Dr. Stephanie Springer erläuterte die Idee und einige Besonderheiten des Verfassungsentwurfs. „Grundsätzlich soll die Kirchenverfassung Frieden und Ordnung in unserer Kirche regeln“, so stellte sie den Stellenwert der 85 Artikel dar, in denen die wesentlichen Themen kirchlichen Zusammenlebens formuliert sind. Die bestehende Kirchenverfassung stammt aus dem Jahr 1965. Sie sei sprachlich veraltet und berücksichtige nicht mehr in wesentlichen Dingen die Lebenswelt der Menschen heute. Da helfe kein Flickwerk von einigen Änderungen, sondern es wurde grundsätzlich neu formuliert. Aus 95 Artikel wurden 85, einiges wurde gestrichen und in andere gesetzliche Regelungen der Kirche eingeflochten, neue Themen wurden hinzugefügt und vor allem, so die Präsidentin des Landeskirchenamtes, die Verfassung ist durchgängig theologischer. Das vorliegende Werk ist ein Entwurf, denn die Landeskirche Hannovers wünscht sich ausdrücklich einen offenen Dialog über den Text. Online können Einwendungen und Ergänzungen eingegeben werden, die, so versicherte sie, mit Sicherheit alle geprüft würden. Im November 2018 wird dann die Landessynode die endgültige Fassung beschließen.

Neu ist in der Kirchenverfassung, dass das Wort Diakonie als Teil kirchlichen Lebens auftaucht. Außerdem wird das Verhältnis von Kirche und Gesellschaft betrachtet. Beachtenswert sei auch, dass neben den gesetzlich verfassten Ortsgemeinden, sich Personalgemeinden bilden können, die sich unter Umständen ebenfalls rechtlich verfestigen. Vor allem zeige sich die Kirche in der neuen Verfassung als einladende Kirche. So erläuterte Stephanie Springer einzelne Artikel und wies auf die Synopse hin, die unter www.kirchenverfassung2020.de zu finden sei. Hier sind der bisher gültige Text und die neue Fassung gut vergleichbar nebeneinandergestellt.

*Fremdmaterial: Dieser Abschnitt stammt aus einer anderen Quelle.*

(* For all positive integers $k,q,m$ with $q<k$ one has $\alpha^k_{q,m}=0$; that is, every M-partition of type $(k,q,m)$ satisfies $q\geqslant k$.
   Context: Let $\mathbb N=\mathbb Z_{\geqslant 0}$ with the componentwise order. For integers $n,d\geqslant 0$, an $(n-1)$-dimensional partition of size $d$ is a subset $\lambda\subset\mathbb N^n$ with $|\lambda|=d$ closed downward for the componentwise order; $\mathrm P^n_d$ is the set of these. The degree of a point is the sum of its coordinates; $\lambda_{=i}$, $\lambda_{\geqslant i}$ are the elements of degree $i$, resp. $\geqslant i$; $h_\lambda(i)=|\lambda_{=i}|$; $\mathrm{Soc}(\lambda)$ is the set of maximal elements of $\lambda$. For positive integers $k,q,m$, an M-partition of type $(k,q,m)$ is a $\lambda\in\mathrm P^k_{1+k+q+m}$ with $\mathrm{Soc}(\lambda)\subset\lambda_{\geqslant 3}$, $h_\lambda(1)=k$, $h_\lambda(2)=q$ and $\sum_{i\geqslant 3}h_\lambda(i)=m$. $\alpha^k_{q,m}$ denotes the number of M-partitions of type $(k,q,m)$. *)

theory Defs
  imports Main
begin

text \<open>Points of N^n are represented as lists of naturals of length n.\<close>

definition pt_le :: "nat list \<Rightarrow> nat list \<Rightarrow> bool" where
  "pt_le x y \<longleftrightarrow> length x = length y \<and> (\<forall>i<length x. x ! i \<le> y ! i)"

definition partitions :: "nat \<Rightarrow> nat \<Rightarrow> nat list set set" where
  "partitions n d = {lam. lam \<subseteq> {x. length x = n} \<and> finite lam \<and> card lam = d \<and>
      (\<forall>x\<in>lam. \<forall>y. length y = n \<and> pt_le y x \<longrightarrow> y \<in> lam)}"

definition deg :: "nat list \<Rightarrow> nat" where
  "deg x = sum_list x"

definition hfun :: "nat list set \<Rightarrow> nat \<Rightarrow> nat" where
  "hfun lam i = card {x\<in>lam. deg x = i}"

definition Soc :: "nat list set \<Rightarrow> nat list set" where
  "Soc lam = {x\<in>lam. \<forall>y\<in>lam. pt_le x y \<longrightarrow> y = x}"

definition M_partition :: "nat \<Rightarrow> nat \<Rightarrow> nat \<Rightarrow> nat list set \<Rightarrow> bool" where
  "M_partition k q m lam \<longleftrightarrow>
     lam \<in> partitions k (1 + k + q + m) \<and>
     Soc lam \<subseteq> {x\<in>lam. deg x \<ge> 3} \<and>
     hfun lam 1 = k \<and> hfun lam 2 = q \<and>
     card {x\<in>lam. deg x \<ge> 3} = m"

definition alpha :: "nat \<Rightarrow> nat \<Rightarrow> nat \<Rightarrow> nat" where
  "alpha k q m = card {lam. M_partition k q m lam}"

end

theory Submission
  imports Defs "HOL-Library.Multiset"
begin

(* Identify a point x of N^k with the multiset containing i exactly x!i times; then lambda
   becomes a downset of multisets, degree becomes size, and the elements of degree 1 and 2
   are the vertices and edges (loops allowed) of a graph, counted by h(1) = k and h(2) = q.
   Every vertex i lies below a maximal element, which has degree at least 3 and hence lies
   above a degree-3 element {#i,a,b#}; so i lies in a (possibly degenerate) triangle i, a, b.
   A graph in which every vertex lies in a triangle has at least as many edges as vertices:
   either every vertex has degree at least 2 and double counting applies, or a vertex of
   degree 1 can be deleted together with its edge. *)

definition point_mset :: "nat list \<Rightarrow> nat multiset" where
  "point_mset x = (\<Sum>i<length x. replicate_mset (x ! i) i)"

lemma count_point_mset: "count (point_mset x) j = (if j < length x then x ! j else 0)"
  by (simp add: point_mset_def count_sum)

lemma size_point_mset: "size (point_mset x) = deg x"
  by (simp add: point_mset_def deg_def sum_list_sum_nth atLeast0LessThan)

lemma set_mset_point_mset: "set_mset (point_mset x) \<subseteq> {..<length x}"
proof
  fix j assume "j \<in># point_mset x"
  then have "count (point_mset x) j \<noteq> 0" by simp
  then show "j \<in> {..<length x}" by (simp add: count_point_mset split: if_splits)
qed

lemma inj_on_point_mset: "inj_on point_mset {x. length x = k}"
proof (rule inj_onI)
  fix x y assume "x \<in> {x. length x = k}" "y \<in> {x. length x = k}" and eq: "point_mset x = point_mset y"
  then have len: "length x = length y" by simp
  show "x = y"
  proof (rule nth_equalityI)
    fix i assume "i < length x"
    then show "x ! i = y ! i"
      using arg_cong[OF eq, of "\<lambda>M. count M i"] len by (simp add: count_point_mset)
  qed (rule len)
qed

lemma pt_le_iff_subseteq_point_mset:
  "pt_le x y \<longleftrightarrow> length x = length y \<and> point_mset x \<subseteq># point_mset y"
  by (auto simp: pt_le_def subseteq_mset_def count_point_mset)

lemma point_mset_map_count:
  assumes "set_mset N \<subseteq> {..<k}"
  shows "point_mset (map (count N) [0..<k]) = N"
  using assms by (auto simp: multiset_eq_iff count_point_mset count_eq_zero_iff)

lemma card_le_card_edges_if_triangles:
  fixes V :: "'a set" and E :: "'a multiset set"
  assumes "finite V" "finite E" "\<forall>e\<in>E. size e = 2"
    and "\<forall>i\<in>V. \<exists>a b. {#i, a#} \<in> E \<and> {#i, b#} \<in> E \<and> {#a, b#} \<in> E"
  shows "card V \<le> card E"
  using assms
proof (induction "card V" arbitrary: V E rule: less_induct)
  case less
  show ?case
  proof (cases "\<forall>v\<in>V. 2 \<le> card {e\<in>E. v \<in># e}")
    case True
    have "2 * card V \<le> (\<Sum>v\<in>V. card {e\<in>E. v \<in># e})"
      using sum_mono[of V "\<lambda>_. 2" "\<lambda>v. card {e\<in>E. v \<in># e}"] True by simp
    also have "\<dots> = (\<Sum>v\<in>V. \<Sum>e\<in>E. if v \<in># e then 1 else 0)"
      using less.prems(2) by (simp add: sum.inter_filter[symmetric])
    also have "\<dots> = (\<Sum>e\<in>E. card {v\<in>V. v \<in># e})"
      using less.prems(1) by (subst sum.swap) (simp add: sum.inter_filter[symmetric])
    also have "\<dots> \<le> (\<Sum>e\<in>E. size e)"
    proof (rule sum_mono)
      fix e
      have "card {v\<in>V. v \<in># e} \<le> card (set_mset e)" by (rule card_mono) auto
      also have "\<dots> \<le> size e" using mset_set_set_mset_msubset size_mset_mono by fastforce
      finally show "card {v\<in>V. v \<in># e} \<le> size e" .
    qed
    also have "\<dots> = 2 * card E" using less.prems(3) by simp
    finally show ?thesis by simp
  next
    case False
    then obtain v where v: "v \<in> V" "card {e\<in>E. v \<in># e} < 2" by force
    then obtain a where "{#v, a#} \<in> E" using less.prems(4) by blast
    define e0 where "e0 = {#v, a#}"
    have "e0 \<in> {e\<in>E. v \<in># e}" using \<open>{#v, a#} \<in> E\<close> by (simp add: e0_def)
    then have only_e0: "e = e0" if "e \<in> E" "v \<in># e" for e
      using that v(2) less.prems(2) card_le_Suc0_iff_eq[of "{e\<in>E. v \<in># e}"] by auto
    define V' where "V' = V - {v}"
    define E' where "E' = E - {e0}"
    have in_E': "e \<in> E'" if "e \<in> E" "\<not> v \<in># e" for e
      using that by (auto simp: E'_def e0_def)
    have "card V' \<le> card E'"
    proof (rule less.hyps)
      show "card V' < card V" using v(1) less.prems(1) unfolding V'_def by (rule card_Diff1_less[rotated])
      show "finite V'" "finite E'" "\<forall>e\<in>E'. size e = 2"
        using less.prems(1-3) by (auto simp: V'_def E'_def)
      show "\<forall>i\<in>V'. \<exists>a b. {#i, a#} \<in> E' \<and> {#i, b#} \<in> E' \<and> {#a, b#} \<in> E'"
      proof
        fix i assume i: "i \<in> V'"
        then have "i \<noteq> v" by (simp add: V'_def)
        obtain a b where ab: "{#i, a#} \<in> E" "{#i, b#} \<in> E" "{#a, b#} \<in> E"
          using i less.prems(4) by (auto simp: V'_def)
        show "\<exists>a b. {#i, a#} \<in> E' \<and> {#i, b#} \<in> E' \<and> {#a, b#} \<in> E'"
        proof (cases "v = a \<or> v = b")
          case True
          \<comment> \<open>both triangle edges at v must be the unique edge e0, so the triangle is i, v, i\<close>
          then have "{#i, i#} \<in> E"
          proof
            assume "v = a"
            then have "v \<in># {#i, a#}" "v \<in># {#a, b#}" by simp_all
            then have "{#i, a#} = {#a, b#}" using ab(1,3) only_e0 by metis
            then have "b = i" using \<open>i \<noteq> v\<close> \<open>v = a\<close> by (auto simp: add_mset_commute)
            then show ?thesis using ab(2) by simp
          next
            assume "v = b"
            then have "v \<in># {#i, b#}" "v \<in># {#a, b#}" by simp_all
            then have "{#i, b#} = {#a, b#}" using ab(2,3) only_e0 by metis
            then have "a = i" using \<open>i \<noteq> v\<close> \<open>v = b\<close> by (auto simp: add_mset_commute)
            then show ?thesis using ab(1) by simp
          qed
          then have "{#i, i#} \<in> E'" using \<open>i \<noteq> v\<close> in_E' by simp
          then show ?thesis by blast
        next
          case False
          then have "{#i, a#} \<in> E'" "{#i, b#} \<in> E'" "{#a, b#} \<in> E'"
            using ab \<open>i \<noteq> v\<close> in_E' by simp_all
          then show ?thesis by blast
        qed
      qed
    qed
    moreover have "card V' = card V - 1" "card E' = card E - 1"
      using v(1) \<open>e0 \<in> {e\<in>E. v \<in># e}\<close> by (auto simp: V'_def E'_def)
    moreover have "card E \<ge> 1"
      using \<open>e0 \<in> {e\<in>E. v \<in># e}\<close> less.prems(2) by (auto simp: Suc_le_eq card_gt_0_iff)
    ultimately show ?thesis by linarith
  qed
qed

lemma card_singletons_le_card_pairs:
  fixes L :: "'a multiset set"
  assumes "finite L"
    and down_closed: "\<And>M N. M \<in> L \<Longrightarrow> N \<subseteq># M \<Longrightarrow> N \<in> L"
    and maximal_size: "\<And>M. M \<in> L \<Longrightarrow> \<forall>M'\<in>L. M \<subseteq># M' \<longrightarrow> M = M' \<Longrightarrow> 3 \<le> size M"
  shows "card {i. {#i#} \<in> L} \<le> card {M\<in>L. size M = 2}"
proof (rule card_le_card_edges_if_triangles)
  show "finite {i. {#i#} \<in> L}"
    using finite_vimageI[OF \<open>finite L\<close>, of "\<lambda>i. {#i#}"] by (simp add: vimage_def inj_def)
  show "finite {M\<in>L. size M = 2}" "\<forall>e\<in>{M\<in>L. size M = 2}. size e = 2"
    using \<open>finite L\<close> by auto
  show "\<forall>i\<in>{i. {#i#} \<in> L}. \<exists>a b. {#i, a#} \<in> {M\<in>L. size M = 2} \<and>
      {#i, b#} \<in> {M\<in>L. size M = 2} \<and> {#a, b#} \<in> {M\<in>L. size M = 2}"
  proof
    fix i assume "i \<in> {i. {#i#} \<in> L}"
    then obtain M where M: "M \<in> L" "{#i#} \<subseteq># M" "\<forall>M'\<in>L. M \<subseteq># M' \<longrightarrow> M = M'"
      using subset_mset.finite_has_maximal2[OF \<open>finite L\<close>] by blast
    obtain M1 where M1: "M = add_mset i M1" using M(2) multi_member_split by force
    then have "size M1 \<ge> 2" using maximal_size[OF M(1,3)] by simp
    then obtain a M2 where M2: "M1 = add_mset a M2"
      using size_eq_Suc_imp_eq_union[of M1 "size M1 - 1"] by auto
    then have "size M2 \<ge> 1" using \<open>size M1 \<ge> 2\<close> by simp
    then obtain b M3 where "M2 = add_mset b M3"
      using size_eq_Suc_imp_eq_union[of M2 "size M2 - 1"] by auto
    then have abi: "{#i, a, b#} \<subseteq># M" using M1 M2 by simp
    have "{#i, a#} \<subseteq># {#i, a, b#}" "{#i, b#} \<subseteq># {#i, a, b#}" "{#a, b#} \<subseteq># {#i, a, b#}"
      by (simp_all add: add_mset_commute)
    then have "{#i, a#} \<in> L" "{#i, b#} \<in> L" "{#a, b#} \<in> L"
      using down_closed[OF M(1)] abi subset_mset.order_trans by blast+
    then show "\<exists>a b. {#i, a#} \<in> {M\<in>L. size M = 2} \<and>
      {#i, b#} \<in> {M\<in>L. size M = 2} \<and> {#a, b#} \<in> {M\<in>L. size M = 2}"
      by auto
  qed
qed

lemma card_size_one_eq_card_singletons: "card {M\<in>L. size M = 1} = card {i. {#i#} \<in> L}"
proof -
  have "{M\<in>L. size M = 1} = (\<lambda>i. {#i#}) ` {i. {#i#} \<in> L}"
  proof (intro equalityI subsetI)
    fix M assume "M \<in> {M\<in>L. size M = 1}"
    then show "M \<in> (\<lambda>i. {#i#}) ` {i. {#i#} \<in> L}" using size_1_singleton_mset[of M] by auto
  qed auto
  then show ?thesis by (simp add: card_image inj_on_def)
qed

lemma point_mset_partition_down_closed:
  assumes "lam \<in> partitions k d" "M \<in> point_mset ` lam" "N \<subseteq># M"
  shows "N \<in> point_mset ` lam"
proof -
  obtain x where x: "x \<in> lam" "M = point_mset x" using assms(2) by blast
  have "length x = k" using assms(1) x(1) by (auto simp: partitions_def)
  then have "set_mset N \<subseteq> {..<k}"
    using set_mset_mono[OF assms(3)] set_mset_point_mset[of x] x(2) by blast
  define y where "y = map (count N) [0..<k]"
  have "point_mset y = N" using point_mset_map_count[OF \<open>set_mset N \<subseteq> {..<k}\<close>] by (simp add: y_def)
  moreover have "pt_le y x"
    using \<open>length x = k\<close> assms(3) x(2) \<open>point_mset y = N\<close>
    by (simp add: pt_le_iff_subseteq_point_mset y_def)
  then have "y \<in> lam" using assms(1) x(1) by (auto simp: partitions_def y_def)
  ultimately show ?thesis by blast
qed

lemma hfun_eq_card_point_mset:
  assumes "lam \<in> partitions k d"
  shows "hfun lam n = card {M \<in> point_mset ` lam. size M = n}"
proof -
  have "inj_on point_mset {x\<in>lam. deg x = n}"
    by (rule inj_on_subset[OF inj_on_point_mset[of k]]) (use assms in \<open>auto simp: partitions_def\<close>)
  moreover have "{M \<in> point_mset ` lam. size M = n} = point_mset ` {x\<in>lam. deg x = n}"
    by (auto simp: size_point_mset)
  ultimately show ?thesis by (simp add: hfun_def card_image)
qed

lemma maximal_point_mset_in_Soc:
  assumes "lam \<in> partitions k d" "x \<in> lam"
    and "\<forall>M\<in>point_mset ` lam. point_mset x \<subseteq># M \<longrightarrow> point_mset x = M"
  shows "x \<in> Soc lam"
  using assms inj_on_point_mset[of k] unfolding Soc_def partitions_def
  by (auto simp: pt_le_iff_subseteq_point_mset inj_on_def)

lemma M_partition_le:
  assumes "M_partition k q m lam"
  shows "k \<le> q"
proof -
  have lam: "lam \<in> partitions k (1 + k + q + m)"
    and Soc_deg: "Soc lam \<subseteq> {x\<in>lam. 3 \<le> deg x}"
    and "hfun lam 1 = k" "hfun lam 2 = q"
    using assms by (auto simp: M_partition_def)
  let ?L = "point_mset ` lam"
  have "k = card {M\<in>?L. size M = 1}"
    using \<open>hfun lam 1 = k\<close> by (simp add: hfun_eq_card_point_mset[OF lam])
  also have "\<dots> = card {i. {#i#} \<in> ?L}" by (rule card_size_one_eq_card_singletons)
  also have "\<dots> \<le> card {M\<in>?L. size M = 2}"
  proof (rule card_singletons_le_card_pairs)
    show "finite ?L" using lam by (simp add: partitions_def)
    show "N \<in> ?L" if "M \<in> ?L" "N \<subseteq># M" for M N
      using point_mset_partition_down_closed[OF lam that] .
    show "3 \<le> size M" if "M \<in> ?L" and maximal: "\<forall>M'\<in>?L. M \<subseteq># M' \<longrightarrow> M = M'" for M
    proof -
      obtain x where "x \<in> lam" "M = point_mset x" using \<open>M \<in> ?L\<close> by blast
      then have "x \<in> Soc lam" using maximal_point_mset_in_Soc[OF lam] maximal by blast
      then show ?thesis using Soc_deg \<open>M = point_mset x\<close> by (auto simp: size_point_mset)
    qed
  qed
  also have "\<dots> = q"
    using \<open>hfun lam 2 = q\<close> by (simp add: hfun_eq_card_point_mset[OF lam])
  finally show ?thesis .
qed

theorem proposition4p2:
  fixes k q m :: nat
  assumes "0 < k" and "0 < q" and "0 < m" and "q < k"
  shows "alpha k q m = 0 \<and> (\<forall>lam. \<not> M_partition k q m lam)"
proof -
  have "\<forall>lam. \<not> M_partition k q m lam" using M_partition_le \<open>q < k\<close> by (meson not_le)
  then show ?thesis by (simp add: alpha_def)
qed

end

In der anschließenden Diskussion ging es um Fragen wie: Verliere sich in einer offenen und einladenden Formulierung der neuen Verfassung nicht ein wenig ein deutliches Profil der Kirche? Wenn die Rolle von Jugendlichen in den Texten vorkomme, dann hat das den Eindruck, als würden sie zur Mitarbeit verzweckt. Ist das richtig? Warum kommen die Kapellenvorsteher nicht mehr vor? Was bedeutet Wesentlichkeit als Leitlinie für die Inhalte der Verfassung? Stephanie Springer antwortete, diskutierte und betonte zum Abschluss: „Ich möchte Ihnen die neue Kirchenverfassung schmackhaft machen. Beteiligen Sie sich an der Diskussion!“

Nach einer Pause stellt Friedhelm Fendler, als Vorsitzender des Finanzausschusses, die Jahresabschlüsse und Gewinnverwendungsbeschlüsse der Jahre 2013 bis 2016 vor. Es sei alles im Plus, die letzten Jahre wurde gut gewirtschaftet und er empfehle, die Beschlüsse anzunehmen. Eine gute Nachricht für die Gemeinden hatte er noch: Aus den Rücklagen des Kirchenkreises können Beträge an die Kirchengemeinden ausgeschüttet werden – mit der Empfehlung, dass jede auch daran denken soll, eigene Rücklagen zu bilden. Er dankte den Mitarbeiterinnen und Mitarbeitern des Kirchenamtes, die nun alle zurückliegenden Haushalte mit dem neuen Buchhaltungssystem, der Doppik, aufgearbeitet habe, sodass in Zukunft immer das aktuelle Jahr vorliegen würde.

Unter Verschiedenes berichtete Superintendentin Sylvia Pfannschmidt, dass die neue Fundraiserin, Gabriele Aland, ihre Aufgabe niederlegt, aber weiterhin mit einer Viertelstelle Qualitätsmanagement in der Jugendwerkstatt Gifhorn mache. Die Vorsitzende des Kirchenkreistags, Ute Szameitat, erklärte, dass, unter Berücksichtigung der KV-Wahlen im kommenden Jahr, 2018 nur zwei Kirchenkreistage stattfinden würden und lud dafür schon jetzt alle Mitglieder zum Kirchenkreisempfang am 24. Mai in St. Nicolai ein. Sonnhild Baucke stellt das Thema der diesjährigen „Brot für die Welt-Aktion“ vor. Vietnam stehe im Mittelpunkt unter der Überschrift „Wasser für alle“.